The Rugrats film series is a series of animated comedy adventure films based on the popular Nickelodeon animated series, Rugrats, created by Arlene Klasky, Gábor Csupó, and Paul Germain. The three films were released in 1998, 2000, and 2003. The first and third films received mixed reviews, while the second received generally positive reviews. The series also experienced declining commercial success with each film.

Films

The Rugrats Movie (1998)

The story escalates when Tommy Pickles, is put into difficult situation with the birth of his new brother, Dil, who will not stop crying and is taking all of their parents' attention.

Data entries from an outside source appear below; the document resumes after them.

(* Let $g$ be a non-constant entire function of finite order $\rho\ge0$ whose Taylor coefficients are all non-negative. Then $f=e^g$ is Gaussian.
   Context: Such $f=\sum_n a_nz^n$ is entire, with $a_n\ge0$ and $a_0>0$. For $t>0$, $X_t$ is the random variable with $\mathbf{P}(X_t=n)=a_nt^n/f(t)$, $n\ge0$. With $m_f(t)=\mathbf{E}(X_t)$, $\sigma_f^2(t)=\mathbf{V}(X_t)>0$ and $\breve{X}_t=(X_t-m_f(t))/\sigma_f(t)$, $f$ is called Gaussian if $\breve{X}_t$ converges in distribution to a standard normal random variable as $t\to+\infty$. The order of an entire function $g$ is $\limsup_{r\to\infty}\frac{\ln\ln\max_{|z|=r}|g(z)|}{\ln r}$. *)

theory Defs
  imports "HOL-Complex_Analysis.Complex_Analysis" "HOL-Probability.Probability"
begin

definition taylor_coeff :: "(complex \<Rightarrow> complex) \<Rightarrow> nat \<Rightarrow> complex" where
  "taylor_coeff h n = (deriv ^^ n) h 0 / of_nat (fact n)"

definition max_modulus :: "(complex \<Rightarrow> complex) \<Rightarrow> real \<Rightarrow> real" where
  "max_modulus h r = (SUP z\<in>{z. norm z = r}. norm (h z))"

definition entire_order :: "(complex \<Rightarrow> complex) \<Rightarrow> ereal" where
  "entire_order h = Limsup at_top (\<lambda>r. ereal (ln (ln (max_modulus h r)) / ln r))"

text \<open>For a power series with coefficients a (a n \<ge> 0, a 0 > 0) and t > 0, X_t is the
  random variable on the naturals with P(X_t = n) = a n t^n / f t.\<close>
definition ps_val :: "(nat \<Rightarrow> real) \<Rightarrow> real \<Rightarrow> real" where
  "ps_val a t = (\<Sum>n. a n * t ^ n)"

definition ps_mean :: "(nat \<Rightarrow> real) \<Rightarrow> real \<Rightarrow> real" where
  "ps_mean a t = (\<Sum>n. real n * a n * t ^ n) / ps_val a t"

definition ps_sigma :: "(nat \<Rightarrow> real) \<Rightarrow> real \<Rightarrow> real" where
  "ps_sigma a t = sqrt ((\<Sum>n. (real n - ps_mean a t)\<^sup>2 * a n * t ^ n) / ps_val a t)"

definition ps_normalized_cdf :: "(nat \<Rightarrow> real) \<Rightarrow> real \<Rightarrow> real \<Rightarrow> real" where
  "ps_normalized_cdf a t x =
     (\<Sum>n. if (real n - ps_mean a t) / ps_sigma a t \<le> x then a n * t ^ n else 0) / ps_val a t"

definition std_normal_cdf :: "real \<Rightarrow> real" where
  "std_normal_cdf x = measure (density lborel std_normal_density) {..x}"

text \<open>Gaussian: the normalised variable converges in distribution to N(0,1) as t \<rightarrow> \<infinity>;
  since the limit CDF is continuous, this is pointwise convergence of the CDFs.\<close>
definition gaussian :: "(nat \<Rightarrow> real) \<Rightarrow> bool" where
  "gaussian a \<longleftrightarrow> (\<forall>x. ((\<lambda>t. ps_normalized_cdf a t x) \<longlongrightarrow> std_normal_cdf x) at_top)"

end

(*
  For f = exp g with g(z) = \<Sum> b_k z^k and b_k \<ge> 0, the variable X_t satisfies
  log E e^(s X_t) = g(t e^s) - g(t), so its cumulants are \<kappa>_j(t) = \<Sum> k^j b_k t^k. Hence, with
  \<sigma> = \<kappa>_2^(1/2) and u = \<theta>/\<sigma>, the characteristic function of (X_t - \<kappa>_1)/\<sigma> is
  exp (\<Sum> b_k t^k (e^(iku) - 1 - iku)) = exp (R(t) - \<theta>^2/2),
  where R collects the remainders of the quadratic Taylor polynomial of e^(iku).
  Cutting R at K = \<kappa>_2^(1/4), the terms with k \<le> K contribute at most |\<theta>|^3 K/(6 \<sigma>), which is
  O(\<kappa>_2^(-1/4)), and the others at most \<theta>^2 T/\<kappa>_2, where T is the tail of the series of
  \<kappa>_2 beyond K. For polynomial g the tail is eventually empty. Otherwise \<kappa>_2 outgrows every
  power of t, so K \<ge> t^(\<rho>+2) - 1, while k^2 \<le> 4^k and finite order give
  T \<le> 2^(1-K) g(16t) \<le> 2^(1-K) exp((16t)^(\<rho>+1)), which tends to 0.
  Levy's continuity theorem turns this into convergence of the distribution functions.
*)
theory Submission
  imports Defs "HOL-Real_Asymp.Real_Asymp"
begin

section \<open>Power series distributions\<close>

definition discrete_distr :: "(nat \<Rightarrow> real) \<Rightarrow> (nat \<Rightarrow> real) \<Rightarrow> real measure" where
  "discrete_distr w \<phi> = distr (density (count_space UNIV) (\<lambda>n. ennreal (w n))) borel \<phi>"

lemma prob_space_density_count_space_nat:
  assumes "\<And>n. w n \<ge> 0" and "w sums 1"
  shows "prob_space (density (count_space UNIV) (\<lambda>n. ennreal (w n)))"
proof (rule prob_spaceI)
  have "summable w" using assms(2) by (simp add: sums_iff)
  then show "emeasure (density (count_space UNIV) (\<lambda>n. ennreal (w n)))
      (space (density (count_space UNIV) (\<lambda>n. ennreal (w n)))) = 1"
    using assms by (simp add: emeasure_density nn_integral_count_space_nat suminf_ennreal2
        sums_unique[symmetric])
qed

lemma integral_density_count_space_nat:
  fixes h :: "nat \<Rightarrow> 'a::{banach, second_countable_topology}"
  assumes w: "\<And>n. w n \<ge> 0" "summable w" and h: "\<And>n. norm (h n) \<le> 1"
  shows "integral\<^sup>L (density (count_space UNIV) (\<lambda>n. ennreal (w n))) h = (\<Sum>n. w n *\<^sub>R h n)"
proof -
  have "summable (\<lambda>n. norm (w n *\<^sub>R h n))"
    by (rule summable_comparison_test[OF _ w(2)])
       (use w h in \<open>auto intro!: mult_left_le\<close>)
  then show ?thesis
    using w by (simp add: integral_density integral_count_space_nat integrable_count_space_nat_iff)
qed

lemma real_distribution_discrete_distr:
  assumes "\<And>n. w n \<ge> 0" and "w sums 1"
  shows "real_distribution (discrete_distr w \<phi>)"
proof -
  interpret prob_space "density (count_space UNIV) (\<lambda>n. ennreal (w n))"
    by (rule prob_space_density_count_space_nat[OF assms])
  have "prob_space (discrete_distr w \<phi>)"
    unfolding discrete_distr_def by (rule prob_space_distr) simp
  then show ?thesis by (simp add: real_distribution_def real_distribution_axioms_def discrete_distr_def)
qed

lemma char_discrete_distr:
  assumes "\<And>n. w n \<ge> 0" and "w sums 1"
  shows "char (discrete_distr w \<phi>) \<theta> = (\<Sum>n. of_real (w n) * iexp (\<theta> * \<phi> n))"
  using assms unfolding char_def discrete_distr_def
  by (subst integral_distr) (auto simp: sums_iff integral_density_count_space_nat scaleR_conv_of_real)

lemma cdf_discrete_distr:
  assumes w: "\<And>n. w n \<ge> 0" and "w sums 1"
  shows "cdf (discrete_distr w \<phi>) x = (\<Sum>n. if \<phi> n \<le> x then w n else 0)"
proof -
  have sw: "summable w" using assms(2) by (simp add: sums_iff)
  have "cdf (discrete_distr w \<phi>) x
      = integral\<^sup>L (density (count_space UNIV) (\<lambda>n. ennreal (w n))) (indicator (\<phi> -` {..x}))"
    unfolding cdf_def discrete_distr_def by (subst measure_distr) auto
  also have "\<dots> = (\<Sum>n. w n * indicator (\<phi> -` {..x}) n)"
    using w sw by (subst integral_density_count_space_nat) (auto simp: indicator_def)
  also have "\<dots> = (\<Sum>n. if \<phi> n \<le> x then w n else 0)"
    by (intro suminf_cong) (simp add: indicator_def)
  finally show ?thesis .
qed

lemma isCont_std_normal_cdf: "isCont (cdf std_normal_distribution) x"
proof -
  interpret real_distribution std_normal_distribution by (rule real_dist_normal_dist)
  have "emeasure std_normal_distribution {x} = 0"
    by (subst emeasure_density) auto
  then show ?thesis by (simp add: isCont_cdf measure_def)
qed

Lil and Phil, suggest that Dil should be returned to the hospital, though Tommy and Chuckie object. They eventually get into the Reptar Wagon take a high-speed ride straight into the deep woods where they get lost. Being pursued by a wolf, the babies must find their way home. Meanwhile, Angelica Pickles sets out to find the babies after they accidentally take her Cynthia doll with them. This film guest stars David Spade as Ranger Frank, Whoopi Goldberg as Ranger Margret, and Tim Curry as Rex Pester.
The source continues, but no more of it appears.